[Author Prev][Author Next][Thread Prev][Thread Next][Author Index][Thread Index]

Re: [tor-talk] Tor and Google error / CAPTCHAs.

To: tor-talk@xxxxxxxxxxxxxxxxxxxx
Subject: Re: [tor-talk] Tor and Google error / CAPTCHAs.
From: Alec Muffett <alec.muffett@xxxxxxxxx>
Date: Sun, 25 Sep 2016 19:14:42 +0100
Delivered-to: archiver@xxxxxxxx
Delivery-date: Sun, 25 Sep 2016 14:15:58 -0400
Dkim-signature: v=1; a=rsa-sha256; c=relaxed/relaxed; d=gmail.com; s=20120113; h=mime-version:in-reply-to:references:from:date:message-id:subject:to; bh=SR5/TrcR1nLlmcMylWX1p5ouJIFxbbDjpEaUDMD8PiI=; b=UlaK8F5X/KQOg6l7c4igPw9yjghXuXC3ZU5DF5n0o/fuw1obfyW5F/hF+fNdH78sv9 w1APgJPDmzVh+n0adF/X99pUg3lZSQZ8udDB3gAeRaAjobfBSDyPcfBHqsRXBlTQMaAc xNUpLjStVC8KMh9nORGeNrh7WVDisvHhdycj/QOw/zu0uFS3bZuIzct8cRWgVUv6lBQt jtS13PjIT5bhTVA4Xu4YlpMSA4HsfXOnmWp563C9gSrQbRy6M0kc6tn2fif+tSGKtMo9 qfia3Qgrr5AS1zfyfVwqyPExCE99k8NnTuwyNUQf1p8eQJ5RnWdKsIQTv0QY2/q6NKl5 CPFQ==
In-reply-to: <1b8edc0f51901d0ad4092655ebdc01dc@openmailbox.org>
List-archive: <http://lists.torproject.org/pipermail/tor-talk/>
List-help: <mailto:tor-talk-request@lists.torproject.org?subject=help>
List-id: "all discussion about theory, design, and development of Onion Routing" <tor-talk.lists.torproject.org>
List-post: <mailto:tor-talk@lists.torproject.org>
List-subscribe: <https://lists.torproject.org/cgi-bin/mailman/listinfo/tor-talk>, <mailto:tor-talk-request@lists.torproject.org?subject=subscribe>
List-unsubscribe: <https://lists.torproject.org/cgi-bin/mailman/options/tor-talk>, <mailto:tor-talk-request@lists.torproject.org?subject=unsubscribe>
References: <3490e0941be420d04b0585899b2f68a6@openmailbox.org> <CAFWeb9KfX=BNz9a9BfsiywotTuLKh1S9RcAzmDjdtwa8o7TNoA@mail.gmail.com> <1b8edc0f51901d0ad4092655ebdc01dc@openmailbox.org>
Reply-to: tor-talk@xxxxxxxxxxxxxxxxxxxx
Sender: "tor-talk" <tor-talk-bounces@xxxxxxxxxxxxxxxxxxxx>

On 25 September 2016 at 17:54, <blobby@xxxxxxxxxxxxxxx> wrote:

> Hi Alec,
>
> Thanks for your detailed and informative response. I had never heard of
> "scraping".

Scraping comes in many forms and with many motives and intentions - in the
previous email I managed to outline a couple, but that is no more than a
sketch of one aspect of the topic.

Scraping also raises interesting legal arguments, both pro-and-con - for
instance:

* https://en.wikipedia.org/wiki/Facebook,_Inc._v._Power_Ventures,_Inc.
*
http://blog.icreon.us/web-scraping-and-you-a-legal-primer-for-one-of-its-most-useful-tools/

...and Weev:

*
http://arstechnica.com/tech-policy/2012/11/internet-troll-who-exploited-att-security-flaw-faces-5-years-in-jail/

...and of course, Aaron Swartz:

* http://www.newyorker.com/tech/elements/when-programmers-scrape-by

...so when I say "many forms and with many motives and intentions", I must
acknowledge "dual use" - that some forms of scraping are benign, or are
protest, or are sharing that which perhaps should be shared.

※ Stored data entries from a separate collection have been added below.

lemma sum_normalizer_quotients_mult_card:
  assumes fin: "finite (carrier G)" and p: "Factorial_Ring.prime p"
  shows "(\<Sum>H\<in>nonid_p_subgroups p G.
            real (card H) - real_of_int (chi_S p (G\<lparr>carrier := normalizer G H\<rparr> Mod H)) * real (card H)
              + real_of_int (subgroup_mu G H))
         = (real p - 1) / real p * (\<Sum>C\<in>nonid_cyclic_p_subgroups p G. real (card C))"
proof -
  let ?S = "nonid_p_subgroups p G" and ?Cyc = "nonid_cyclic_p_subgroups p G"
  let ?A = "{g \<in> carrier G. generate G {g} \<in> ?S}"
  have finS: "finite ?S" by (rule finite_nonid_p_subgroups[OF fin])
  obtain v where v: "coweighting (\<lambda>H K. K \<subseteq> H) ?S v"
    using coweighting_exists[OF finS poset_converse[OF poset_subseteq]] by blast
  have "(\<Sum>H\<in>?S. real (card H) - real_of_int (chi_S p (G\<lparr>carrier := normalizer G H\<rparr> Mod H)) * real (card H)
              + real_of_int (subgroup_mu G H))
      = (\<Sum>H\<in>?S. real_of_int (v H * int (card H) + subgroup_mu G H))"
  proof (rule sum.cong[OF refl])
    fix H assume "H \<in> ?S"
    then have vH: "v H = 1 - chi_S p (G\<lparr>carrier := normalizer G H\<rparr> Mod H)"
      by (rule weighting_nonid_p_subgroups_eq[OF fin p v])
    show "real (card H) - real_of_int (chi_S p (G\<lparr>carrier := normalizer G H\<rparr> Mod H)) * real (card H)
        + real_of_int (subgroup_mu G H) = real_of_int (v H * int (card H) + subgroup_mu G H)"
      unfolding vH by (simp add: algebra_simps)
  qed
  also have "\<dots> = real_of_int ((\<Sum>H\<in>?S. v H * int (card H)) + (\<Sum>H\<in>?S. subgroup_mu G H))"
    by (simp add: sum.distrib)
  also have "\<dots> = real (card ?A)"
    using sum_weighting_mult_card[OF fin p v] poset_euler_char_nonid_p_subgroups[OF fin p] by simp
  also have "card ?A = (\<Sum>C\<in>?Cyc. card {g \<in> carrier G. generate G {g} = C})"
  proof -
    have "?Cyc \<subseteq> ?S" unfolding nonid_cyclic_p_subgroups_def by blast
    have "(\<lambda>g. generate G {g}) ` ?A \<subseteq> ?Cyc" unfolding nonid_cyclic_p_subgroups_def by blast
    then have "(\<Sum>C\<in>?Cyc. \<Sum>g\<in>{g \<in> ?A. generate G {g} = C}. 1) = (\<Sum>g\<in>?A. 1::nat)"
      using fin finite_subset[OF \<open>?Cyc \<subseteq> ?S\<close> finS] by (intro sum.group) auto
    then have "card ?A = (\<Sum>C\<in>?Cyc. card {g \<in> ?A. generate G {g} = C})" by simp
    also have "\<dots> = (\<Sum>C\<in>?Cyc. card {g \<in> carrier G. generate G {g} = C})"
      using \<open>?Cyc \<subseteq> ?S\<close> by (intro sum.cong refl arg_cong[where f = card]) blast
    finally show ?thesis .
  qed
  finally show ?thesis
    using card_generators_nonid_cyclic_p_subgroup[OF fin p] by (simp add: sum_distrib_left)
qed

lemma centralizer_subgroup:
  assumes x: "x \<in> carrier G"
  shows "subgroup (centralizer G {x}) G"
proof (rule subgroupI)
  show "centralizer G {x} \<subseteq> carrier G" unfolding centralizer_def by blast
  show "centralizer G {x} \<noteq> {}" using x unfolding centralizer_def by auto
  fix a b assume a: "a \<in> centralizer G {x}" and b: "b \<in> centralizer G {x}"
  then have ab: "a \<in> carrier G" "b \<in> carrier G" "a \<otimes> x = x \<otimes> a" "b \<otimes> x = x \<otimes> b"
    unfolding centralizer_def by auto
  have "inv a \<otimes> x = inv a \<otimes> (x \<otimes> a) \<otimes> inv a" using ab(1) x by (simp add: m_assoc)
  also have "\<dots> = inv a \<otimes> (a \<otimes> x) \<otimes> inv a" using ab by simp
  also have "\<dots> = x \<otimes> inv a" using ab(1) x by (simp flip: m_assoc)
  finally show "inv a \<in> centralizer G {x}" using ab unfolding centralizer_def by simp
  have "a \<otimes> b \<otimes> x = a \<otimes> (x \<otimes> b)" using ab x by (simp add: m_assoc)
  also have "\<dots> = x \<otimes> (a \<otimes> b)" using ab x by (simp flip: m_assoc)
  finally have "a \<otimes> b \<otimes> x = x \<otimes> (a \<otimes> b)" .
  then show "a \<otimes> b \<in> centralizer G {x}" using ab unfolding centralizer_def by simp
qed

text \<open>The Moebius function of a \<open>p\<close>-subgroup is intrinsic: both sides are coweightings of the
  \<open>p\<close>-subgroups below it.\<close>
lemma subgroup_mu_subgroup:
  assumes fin: "finite (carrier G)" and p: "Factorial_Ring.prime p" and K: "subgroup K G"
    and H: "H \<in> nonid_p_subgroups p (G\<lparr>carrier := K\<rparr>)"
  shows "subgroup_mu (G\<lparr>carrier := K\<rparr>) H = subgroup_mu G H"
proof -
  interpret K: group "G\<lparr>carrier := K\<rparr>" by (rule subgroup_imp_group[OF K])
  let ?SK = "nonid_p_subgroups p (G\<lparr>carrier := K\<rparr>)"
  have finK: "finite (carrier (G\<lparr>carrier := K\<rparr>))" using fin subgroup.subset[OF K] finite_subset by auto
  have SK: "?SK = {H \<in> nonid_p_subgroups p G. H \<subseteq> K}" by (rule nonid_p_subgroups_subgroup[OF K])
  have "coweighting (\<subseteq>) ?SK (\<lambda>H. - subgroup_mu G H)"
    by (rule coweighting_down_closed[OF coweighting_neg_subgroup_mu[OF fin p]]) (auto simp: SK)
  with K.coweighting_neg_subgroup_mu[OF finK p]
  have "- subgroup_mu (G\<lparr>carrier := K\<rparr>) H = - subgroup_mu G H"
    by (rule coweighting_unique[OF K.finite_nonid_p_subgroups[OF finK] poset_subseteq _ _ H])
  then show ?thesis by simp
qed

lemma centralizer_normalizer_eq_normalizer_centralizer:
  assumes fin: "finite (carrier G)" and x: "x \<in> carrier G"
    and H: "subgroup H G" "H \<subseteq> centralizer G {x}"
  shows "centralizer (G\<lparr>carrier := normalizer G H\<rparr>) {x} = normalizer (G\<lparr>carrier := centralizer G {x}\<rparr>) H"
proof -
  let ?Cx = "centralizer G {x}"
  have Cx: "subgroup ?Cx G" by (rule centralizer_subgroup[OF x])
  interpret Cx: group "G\<lparr>carrier := ?Cx\<rparr>" by (rule subgroup_imp_group[OF Cx])
  have finH: "finite H" using fin subgroup.subset[OF H(1)] finite_subset by blast
  have HCx: "subgroup H (G\<lparr>carrier := ?Cx\<rparr>)" using subgroup_incl[OF H(1) Cx H(2)] .
  have "normalizer (G\<lparr>carrier := ?Cx\<rparr>) H = {g \<in> ?Cx. \<forall>h\<in>H. g \<otimes> h \<otimes> inv\<^bsub>G\<lparr>carrier := ?Cx\<rparr>\<^esub> g \<in> H}"
    using Cx.normalizer_eq_conj_closed[OF HCx finH] by simp
  also have "\<dots> = {g \<in> ?Cx. \<forall>h\<in>H. g \<otimes> h \<otimes> inv g \<in> H}"
    using m_inv_consistent[OF Cx] by auto
  also have "\<dots> = centralizer (G\<lparr>carrier := normalizer G H\<rparr>) {x}"
    unfolding normalizer_eq_conj_closed[OF H(1) finH] centralizer_def by auto
  finally show ?thesis by simp
qed

lemma nonid_p_subgroups_centralized:
  assumes x: "x \<in> carrier G"
  shows "{H \<in> nonid_p_subgroups p G. x \<in> centralizer G H} = nonid_p_subgroups p (G\<lparr>carrier := centralizer G {x}\<rparr>)"
proof -
  have "H \<subseteq> carrier G" if "H \<in> nonid_p_subgroups p G" for H
    using that subgroup.subset unfolding nonid_p_subgroups_def p_subgroup_def by blast
  then have "{H \<in> nonid_p_subgroups p G. x \<in> centralizer G H}
      = {H \<in> nonid_p_subgroups p G. H \<subseteq> centralizer G {x}}"
    using x unfolding centralizer_def by auto
  also have "\<dots> = nonid_p_subgroups p (G\<lparr>carrier := centralizer G {x}\<rparr>)"
    by (rule nonid_p_subgroups_subgroup[OF centralizer_subgroup[OF x], symmetric])
  finally show ?thesis .
qed

text \<open>The first identity for \<open>C\<^sub>G(x)\<close>.\<close>
lemma sum_centralizing_nonid_p_subgroups_eq_zero:
  assumes fin: "finite (carrier G)" and p: "Factorial_Ring.prime p" and x: "x \<in> carrier G"
  shows "(\<Sum>H\<in>{H \<in> nonid_p_subgroups p G. x \<in> centralizer G H}.
            1 - chi_S p (G\<lparr>carrier := centralizer (G\<lparr>carrier := normalizer G H\<rparr>) {x}\<rparr> Mod H)
              + subgroup_mu G H) = 0"
proof -
  let ?Cx = "centralizer G {x}"
  have Cx: "subgroup ?Cx G" by (rule centralizer_subgroup[OF x])
  interpret Cx: group "G\<lparr>carrier := ?Cx\<rparr>" by (rule subgroup_imp_group[OF Cx])
  have finCx: "finite (carrier (G\<lparr>carrier := ?Cx\<rparr>))" using fin subgroup.subset[OF Cx] finite_subset by auto
  have "(\<Sum>H\<in>{H \<in> nonid_p_subgroups p G. x \<in> centralizer G H}.
            1 - chi_S p (G\<lparr>carrier := centralizer (G\<lparr>carrier := normalizer G H\<rparr>) {x}\<rparr> Mod H)
              + subgroup_mu G H)
      = (\<Sum>H\<in>nonid_p_subgroups p (G\<lparr>carrier := ?Cx\<rparr>).
            1 - chi_S p ((G\<lparr>carrier := ?Cx\<rparr>)\<lparr>carrier := normalizer (G\<lparr>carrier := ?Cx\<rparr>) H\<rparr> Mod H)
              + subgroup_mu (G\<lparr>carrier := ?Cx\<rparr>) H)"
    unfolding nonid_p_subgroups_centralized[OF x]
  proof (rule sum.cong[OF refl])
    fix H assume H: "H \<in> nonid_p_subgroups p (G\<lparr>carrier := ?Cx\<rparr>)"
    then have "subgroup H G" "H \<subseteq> ?Cx"
      unfolding nonid_p_subgroups_subgroup[OF Cx] by (auto simp: nonid_p_subgroups_def p_subgroup_def)
    then show "1 - chi_S p (G\<lparr>carrier := centralizer (G\<lparr>carrier := normalizer G H\<rparr>) {x}\<rparr> Mod H)
              + subgroup_mu G H
        = 1 - chi_S p ((G\<lparr>carrier := ?Cx\<rparr>)\<lparr>carrier := normalizer (G\<lparr>carrier := ?Cx\<rparr>) H\<rparr> Mod H)
              + subgroup_mu (G\<lparr>carrier := ?Cx\<rparr>) H"
      using centralizer_normalizer_eq_normalizer_centralizer[OF fin x]
        subgroup_mu_subgroup[OF fin p Cx H] by simp
  qed
  also have "\<dots> = 0" by (rule Cx.sum_normalizer_quotients_eq_zero[OF finCx p])
  finally show ?thesis .
qed

lemma sum_centralizer_quotients_eq_zero:
  assumes fin: "finite (carrier G)" and p: "Factorial_Ring.prime p"
  shows "(\<Sum>H\<in>nonid_p_subgroups p G. \<Sum>x\<in>centralizer G H.
            1 - chi_S p (G\<lparr>carrier := centralizer (G\<lparr>carrier := normalizer G H\<rparr>) {x}\<rparr> Mod H)
              + subgroup_mu G H) = 0"
proof -
  let ?f = "\<lambda>H x. 1 - chi_S p (G\<lparr>carrier := centralizer (G\<lparr>carrier := normalizer G H\<rparr>) {x}\<rparr> Mod H)
              + subgroup_mu G H"
  have "{x \<in> carrier G. x \<in> centralizer G H} = centralizer G H" for H
    unfolding centralizer_def by blast
  then have "(\<Sum>H\<in>nonid_p_subgroups p G. \<Sum>x\<in>centralizer G H. ?f H x)
      = (\<Sum>H\<in>nonid_p_subgroups p G. \<Sum>x\<in>{x \<in> carrier G. x \<in> centralizer G H}. ?f H x)"
    by simp
  also have "\<dots> = (\<Sum>x\<in>carrier G. \<Sum>H\<in>{H \<in> nonid_p_subgroups p G. x \<in> centralizer G H}. ?f H x)"
    by (rule sum.swap_restrict[OF finite_nonid_p_subgroups[OF fin] fin])
  also have "\<dots> = 0"
    using sum_centralizing_nonid_p_subgroups_eq_zero[OF fin p] by simp
  finally show ?thesis .
qed

end

theorem corollary1p2:
  fixes G :: "('a, 'b) monoid_scheme" and p :: nat
  assumes "group G" and "finite (carrier G)" and "Factorial_Ring.prime p"
  shows "((\<Sum>H\<in>nonid_p_subgroups p G.
            1 - chi_S p (G\<lparr>carrier := normalizer G H\<rparr> Mod H) + subgroup_mu G H) = 0)
    \<and> ((\<Sum>H\<in>nonid_p_subgroups p G. \<Sum>x\<in>centralizer G H.
            1 - chi_S p (G\<lparr>carrier := centralizer (G\<lparr>carrier := normalizer G H\<rparr>) {x}\<rparr> Mod H)
              + subgroup_mu G H) = 0)
    \<and> ((\<Sum>H\<in>nonid_p_subgroups p G.
            real (card H) - real_of_int (chi_S p (G\<lparr>carrier := normalizer G H\<rparr> Mod H)) * real (card H)
              + real_of_int (subgroup_mu G H))
         = (real p - 1) / real p * (\<Sum>C\<in>nonid_cyclic_p_subgroups p G. real (card C)))"
proof -
  interpret group G by fact
  show ?thesis
    by (intro conjI sum_normalizer_quotients_eq_zero sum_centralizer_quotients_eq_zero
        sum_normalizer_quotients_mult_card assms(2,3))
qed

end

But here, primarily, I am discussing the forms of scraping which are
third-party-based and exploitative of user data with intent to defraud; or
similar.

BTW: are you the Alec Muffett name-checked in Kevin Mitnick's
> autobiography? I assume so.
>

Yeah, that was a long time ago. :-)

> It may be of note that when I got the Google error, Amazon also required a
> CAPTCHA in order for me to login to my account. Whomever was using the exit
> node maliciously, was obviously affecting non-Google organizations too.
>

Indeed, that's possible; in fact I should amend my previous post to point
out that "scrapers" - people who scrape - do so through many different
proxy networks, not only Tor, and also that some forms of scraping utilise
(eg:) malicious browser plugins that are installed by otherwise entirely
blameless people: victims who don't realise that their web browser is now
helping a part of some scraping outfit's infrastructure.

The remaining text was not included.